| DESCRIPTION OF THE TASK |
Report each line from the entries in which "definition" can be found.

--- LISTED RECORDS ---

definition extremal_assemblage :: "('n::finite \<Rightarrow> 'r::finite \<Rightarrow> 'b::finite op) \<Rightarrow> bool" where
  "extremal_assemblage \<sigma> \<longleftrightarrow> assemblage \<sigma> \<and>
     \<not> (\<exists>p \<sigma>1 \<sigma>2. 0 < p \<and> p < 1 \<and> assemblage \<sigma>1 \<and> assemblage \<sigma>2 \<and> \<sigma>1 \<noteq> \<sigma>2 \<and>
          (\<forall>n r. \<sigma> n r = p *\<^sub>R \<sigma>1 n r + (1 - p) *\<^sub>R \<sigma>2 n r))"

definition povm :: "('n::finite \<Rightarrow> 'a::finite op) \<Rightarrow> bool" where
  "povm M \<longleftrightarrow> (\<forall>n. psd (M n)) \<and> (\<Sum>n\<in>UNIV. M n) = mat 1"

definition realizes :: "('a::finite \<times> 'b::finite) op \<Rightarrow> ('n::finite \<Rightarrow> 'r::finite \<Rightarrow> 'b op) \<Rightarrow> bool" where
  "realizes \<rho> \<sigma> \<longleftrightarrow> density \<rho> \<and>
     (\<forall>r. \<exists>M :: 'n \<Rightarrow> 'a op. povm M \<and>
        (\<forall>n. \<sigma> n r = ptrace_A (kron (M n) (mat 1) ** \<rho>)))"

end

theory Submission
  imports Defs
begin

---
--- LISTED RECORDS ---

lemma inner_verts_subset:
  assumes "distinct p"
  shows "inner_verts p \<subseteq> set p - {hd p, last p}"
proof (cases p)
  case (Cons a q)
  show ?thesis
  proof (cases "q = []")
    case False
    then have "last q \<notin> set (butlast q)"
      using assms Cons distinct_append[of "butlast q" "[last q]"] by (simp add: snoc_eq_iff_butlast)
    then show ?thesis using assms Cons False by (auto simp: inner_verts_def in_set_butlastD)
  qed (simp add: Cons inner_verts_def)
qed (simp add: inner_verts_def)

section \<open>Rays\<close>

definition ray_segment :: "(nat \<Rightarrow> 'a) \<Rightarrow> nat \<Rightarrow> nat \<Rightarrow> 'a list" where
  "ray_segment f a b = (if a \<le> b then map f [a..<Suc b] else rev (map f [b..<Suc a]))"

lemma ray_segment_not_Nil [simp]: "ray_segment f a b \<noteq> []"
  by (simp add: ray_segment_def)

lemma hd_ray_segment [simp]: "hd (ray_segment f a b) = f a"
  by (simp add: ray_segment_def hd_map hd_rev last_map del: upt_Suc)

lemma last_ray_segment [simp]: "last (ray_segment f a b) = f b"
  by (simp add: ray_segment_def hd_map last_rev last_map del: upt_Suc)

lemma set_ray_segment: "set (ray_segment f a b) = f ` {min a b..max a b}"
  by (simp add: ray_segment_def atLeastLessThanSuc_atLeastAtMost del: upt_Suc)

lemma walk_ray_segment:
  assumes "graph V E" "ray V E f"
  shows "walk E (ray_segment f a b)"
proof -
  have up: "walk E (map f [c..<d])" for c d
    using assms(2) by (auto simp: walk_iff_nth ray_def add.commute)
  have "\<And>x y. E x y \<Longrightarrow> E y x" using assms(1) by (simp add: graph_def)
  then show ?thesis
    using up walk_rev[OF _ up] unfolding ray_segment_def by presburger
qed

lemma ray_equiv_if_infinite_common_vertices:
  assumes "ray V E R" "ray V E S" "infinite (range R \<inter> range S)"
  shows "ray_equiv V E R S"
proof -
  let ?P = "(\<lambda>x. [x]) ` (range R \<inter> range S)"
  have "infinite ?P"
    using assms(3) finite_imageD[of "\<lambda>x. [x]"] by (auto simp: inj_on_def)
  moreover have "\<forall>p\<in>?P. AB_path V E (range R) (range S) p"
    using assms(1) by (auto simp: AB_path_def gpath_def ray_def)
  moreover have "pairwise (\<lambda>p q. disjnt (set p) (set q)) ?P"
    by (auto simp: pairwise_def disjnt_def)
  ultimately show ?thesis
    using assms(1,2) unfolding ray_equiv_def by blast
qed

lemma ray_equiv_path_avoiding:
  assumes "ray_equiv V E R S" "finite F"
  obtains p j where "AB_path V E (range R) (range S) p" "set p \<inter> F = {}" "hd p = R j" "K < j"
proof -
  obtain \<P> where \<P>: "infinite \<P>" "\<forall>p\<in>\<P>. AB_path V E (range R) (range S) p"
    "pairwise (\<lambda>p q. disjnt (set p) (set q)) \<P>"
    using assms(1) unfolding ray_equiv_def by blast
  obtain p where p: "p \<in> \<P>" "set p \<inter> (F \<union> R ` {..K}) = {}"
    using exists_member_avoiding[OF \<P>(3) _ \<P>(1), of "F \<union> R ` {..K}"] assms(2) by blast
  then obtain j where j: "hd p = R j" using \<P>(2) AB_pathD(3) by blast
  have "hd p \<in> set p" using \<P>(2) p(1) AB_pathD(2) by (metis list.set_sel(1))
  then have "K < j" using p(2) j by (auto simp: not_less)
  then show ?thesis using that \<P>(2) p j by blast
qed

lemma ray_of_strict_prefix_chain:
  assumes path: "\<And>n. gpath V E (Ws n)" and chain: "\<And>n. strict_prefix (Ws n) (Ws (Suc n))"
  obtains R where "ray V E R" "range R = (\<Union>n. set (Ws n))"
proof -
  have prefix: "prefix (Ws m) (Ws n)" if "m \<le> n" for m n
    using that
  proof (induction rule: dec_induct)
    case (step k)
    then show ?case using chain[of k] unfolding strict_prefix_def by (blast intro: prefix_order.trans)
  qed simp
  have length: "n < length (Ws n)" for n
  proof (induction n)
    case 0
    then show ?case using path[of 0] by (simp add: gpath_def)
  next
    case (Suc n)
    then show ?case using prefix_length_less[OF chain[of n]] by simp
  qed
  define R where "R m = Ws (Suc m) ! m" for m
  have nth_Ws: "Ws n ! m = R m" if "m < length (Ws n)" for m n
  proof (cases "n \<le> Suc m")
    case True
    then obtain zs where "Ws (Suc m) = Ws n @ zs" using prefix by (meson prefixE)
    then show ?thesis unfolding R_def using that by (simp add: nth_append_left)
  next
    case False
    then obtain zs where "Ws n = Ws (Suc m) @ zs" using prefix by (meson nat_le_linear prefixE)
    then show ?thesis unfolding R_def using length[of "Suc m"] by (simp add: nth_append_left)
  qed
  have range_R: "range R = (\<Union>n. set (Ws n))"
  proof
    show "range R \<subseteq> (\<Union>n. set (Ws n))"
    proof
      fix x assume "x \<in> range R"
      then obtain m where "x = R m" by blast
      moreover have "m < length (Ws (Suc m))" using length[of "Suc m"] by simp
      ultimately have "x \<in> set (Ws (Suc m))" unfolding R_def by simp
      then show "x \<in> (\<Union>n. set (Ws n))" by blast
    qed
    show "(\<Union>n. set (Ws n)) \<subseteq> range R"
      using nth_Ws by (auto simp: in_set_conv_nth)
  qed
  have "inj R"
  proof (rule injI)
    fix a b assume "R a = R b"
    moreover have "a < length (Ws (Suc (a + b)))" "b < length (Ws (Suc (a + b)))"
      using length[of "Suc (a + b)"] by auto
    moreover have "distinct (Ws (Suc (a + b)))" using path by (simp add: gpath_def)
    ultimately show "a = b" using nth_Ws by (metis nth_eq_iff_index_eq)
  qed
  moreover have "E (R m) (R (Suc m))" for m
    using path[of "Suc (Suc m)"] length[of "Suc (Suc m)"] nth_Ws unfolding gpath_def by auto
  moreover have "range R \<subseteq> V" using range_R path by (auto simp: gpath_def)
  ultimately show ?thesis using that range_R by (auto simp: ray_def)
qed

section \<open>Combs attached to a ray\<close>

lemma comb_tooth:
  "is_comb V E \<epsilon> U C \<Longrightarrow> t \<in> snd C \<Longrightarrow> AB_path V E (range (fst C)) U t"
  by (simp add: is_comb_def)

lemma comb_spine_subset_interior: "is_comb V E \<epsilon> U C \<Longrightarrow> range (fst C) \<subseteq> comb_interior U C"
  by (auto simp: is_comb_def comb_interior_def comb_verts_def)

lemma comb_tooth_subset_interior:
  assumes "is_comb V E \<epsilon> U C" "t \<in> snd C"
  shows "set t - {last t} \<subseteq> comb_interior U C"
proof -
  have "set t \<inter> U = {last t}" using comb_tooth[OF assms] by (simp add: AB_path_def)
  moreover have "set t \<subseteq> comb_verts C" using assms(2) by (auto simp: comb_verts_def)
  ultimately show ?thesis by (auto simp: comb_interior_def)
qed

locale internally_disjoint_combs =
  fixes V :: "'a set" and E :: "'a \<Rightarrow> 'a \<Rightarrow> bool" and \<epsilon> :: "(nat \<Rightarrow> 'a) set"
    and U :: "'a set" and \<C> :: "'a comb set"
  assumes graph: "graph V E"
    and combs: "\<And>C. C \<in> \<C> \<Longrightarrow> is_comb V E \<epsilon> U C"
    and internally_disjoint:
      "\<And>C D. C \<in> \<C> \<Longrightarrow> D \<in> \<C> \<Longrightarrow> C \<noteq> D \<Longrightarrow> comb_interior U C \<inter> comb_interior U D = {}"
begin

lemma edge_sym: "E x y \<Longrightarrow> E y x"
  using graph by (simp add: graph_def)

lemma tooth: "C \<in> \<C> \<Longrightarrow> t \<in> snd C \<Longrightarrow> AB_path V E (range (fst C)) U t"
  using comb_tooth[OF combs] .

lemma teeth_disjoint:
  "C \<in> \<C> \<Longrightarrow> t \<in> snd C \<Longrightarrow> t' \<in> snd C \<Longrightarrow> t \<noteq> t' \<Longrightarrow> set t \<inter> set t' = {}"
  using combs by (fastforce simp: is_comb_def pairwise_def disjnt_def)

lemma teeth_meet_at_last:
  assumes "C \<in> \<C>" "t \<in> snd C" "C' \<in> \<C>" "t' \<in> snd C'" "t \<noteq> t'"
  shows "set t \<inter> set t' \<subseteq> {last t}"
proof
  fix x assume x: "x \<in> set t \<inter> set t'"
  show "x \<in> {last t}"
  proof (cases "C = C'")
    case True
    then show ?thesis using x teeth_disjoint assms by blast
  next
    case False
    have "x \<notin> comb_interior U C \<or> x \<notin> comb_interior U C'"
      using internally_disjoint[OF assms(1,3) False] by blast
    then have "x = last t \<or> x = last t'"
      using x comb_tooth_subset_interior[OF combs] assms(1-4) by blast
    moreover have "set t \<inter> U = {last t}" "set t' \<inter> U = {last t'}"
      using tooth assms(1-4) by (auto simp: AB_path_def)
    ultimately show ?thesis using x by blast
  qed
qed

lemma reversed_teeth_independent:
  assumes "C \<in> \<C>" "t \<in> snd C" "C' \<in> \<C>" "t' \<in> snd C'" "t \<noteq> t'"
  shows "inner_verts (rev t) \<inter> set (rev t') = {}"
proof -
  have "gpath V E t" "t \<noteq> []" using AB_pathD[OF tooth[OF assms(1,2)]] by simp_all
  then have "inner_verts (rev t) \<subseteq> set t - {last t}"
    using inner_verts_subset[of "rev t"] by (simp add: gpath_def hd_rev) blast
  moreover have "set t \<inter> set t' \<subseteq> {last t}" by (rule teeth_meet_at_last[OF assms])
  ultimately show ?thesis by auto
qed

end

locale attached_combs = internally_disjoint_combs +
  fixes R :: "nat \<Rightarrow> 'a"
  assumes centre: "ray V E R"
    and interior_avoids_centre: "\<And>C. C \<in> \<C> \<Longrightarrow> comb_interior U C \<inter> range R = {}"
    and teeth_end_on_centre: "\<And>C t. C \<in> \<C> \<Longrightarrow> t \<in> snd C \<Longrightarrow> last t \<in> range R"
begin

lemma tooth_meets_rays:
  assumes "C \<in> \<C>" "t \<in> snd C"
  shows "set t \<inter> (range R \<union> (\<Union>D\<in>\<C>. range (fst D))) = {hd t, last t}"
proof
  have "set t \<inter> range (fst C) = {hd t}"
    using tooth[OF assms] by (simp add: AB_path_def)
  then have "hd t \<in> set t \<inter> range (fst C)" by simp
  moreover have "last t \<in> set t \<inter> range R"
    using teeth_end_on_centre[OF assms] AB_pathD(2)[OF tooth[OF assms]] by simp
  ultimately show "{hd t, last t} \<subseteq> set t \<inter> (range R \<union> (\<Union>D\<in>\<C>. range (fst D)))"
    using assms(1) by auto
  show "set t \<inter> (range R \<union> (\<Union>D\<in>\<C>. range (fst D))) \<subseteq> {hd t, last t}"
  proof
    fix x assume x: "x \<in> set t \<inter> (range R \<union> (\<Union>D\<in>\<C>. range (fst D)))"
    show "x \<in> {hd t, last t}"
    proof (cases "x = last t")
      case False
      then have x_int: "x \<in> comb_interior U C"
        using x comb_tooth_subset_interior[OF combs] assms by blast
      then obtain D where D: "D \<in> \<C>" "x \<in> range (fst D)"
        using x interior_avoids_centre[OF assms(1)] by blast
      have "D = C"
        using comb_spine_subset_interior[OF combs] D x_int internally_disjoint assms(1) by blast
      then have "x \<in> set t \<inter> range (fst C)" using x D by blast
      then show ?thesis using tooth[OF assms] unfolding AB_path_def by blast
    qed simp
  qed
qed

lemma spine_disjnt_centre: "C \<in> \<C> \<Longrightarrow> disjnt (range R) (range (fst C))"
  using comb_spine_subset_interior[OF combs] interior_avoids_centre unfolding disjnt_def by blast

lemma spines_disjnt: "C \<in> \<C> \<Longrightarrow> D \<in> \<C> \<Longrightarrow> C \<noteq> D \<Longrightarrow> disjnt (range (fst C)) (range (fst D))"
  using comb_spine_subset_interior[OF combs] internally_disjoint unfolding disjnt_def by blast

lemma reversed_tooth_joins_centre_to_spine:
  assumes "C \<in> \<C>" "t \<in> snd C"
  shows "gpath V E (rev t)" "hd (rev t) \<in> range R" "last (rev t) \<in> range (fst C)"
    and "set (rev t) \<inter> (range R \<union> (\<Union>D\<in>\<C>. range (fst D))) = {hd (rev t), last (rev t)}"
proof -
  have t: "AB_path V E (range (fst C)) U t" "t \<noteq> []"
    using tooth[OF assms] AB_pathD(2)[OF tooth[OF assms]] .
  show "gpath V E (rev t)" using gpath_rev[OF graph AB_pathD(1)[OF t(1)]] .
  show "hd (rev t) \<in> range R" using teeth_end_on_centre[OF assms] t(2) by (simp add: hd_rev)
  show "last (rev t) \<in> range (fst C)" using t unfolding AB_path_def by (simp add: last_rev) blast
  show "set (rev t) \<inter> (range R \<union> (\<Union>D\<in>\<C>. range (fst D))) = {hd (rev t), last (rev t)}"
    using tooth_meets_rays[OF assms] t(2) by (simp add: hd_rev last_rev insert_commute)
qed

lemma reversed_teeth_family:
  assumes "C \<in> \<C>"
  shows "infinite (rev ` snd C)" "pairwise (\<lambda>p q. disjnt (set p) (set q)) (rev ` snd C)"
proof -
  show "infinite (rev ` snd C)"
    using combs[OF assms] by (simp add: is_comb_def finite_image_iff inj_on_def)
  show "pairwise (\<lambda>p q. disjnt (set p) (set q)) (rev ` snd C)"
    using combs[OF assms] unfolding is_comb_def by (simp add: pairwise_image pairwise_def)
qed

---

| RESULT OF THIS TASK |
definition extremal_assemblage :: "('n::finite \<Rightarrow> 'r::finite \<Rightarrow> 'b::finite op) \<Rightarrow> bool" where
definition povm :: "('n::finite \<Rightarrow> 'a::finite op) \<Rightarrow> bool" where
definition realizes :: "('a::finite \<times> 'b::finite) op \<Rightarrow> ('n::finite \<Rightarrow> 'r::finite \<Rightarrow> 'b op) \<Rightarrow> bool" where
definition ray_segment :: "(nat \<Rightarrow> 'a) \<Rightarrow> nat \<Rightarrow> nat \<Rightarrow> 'a list" where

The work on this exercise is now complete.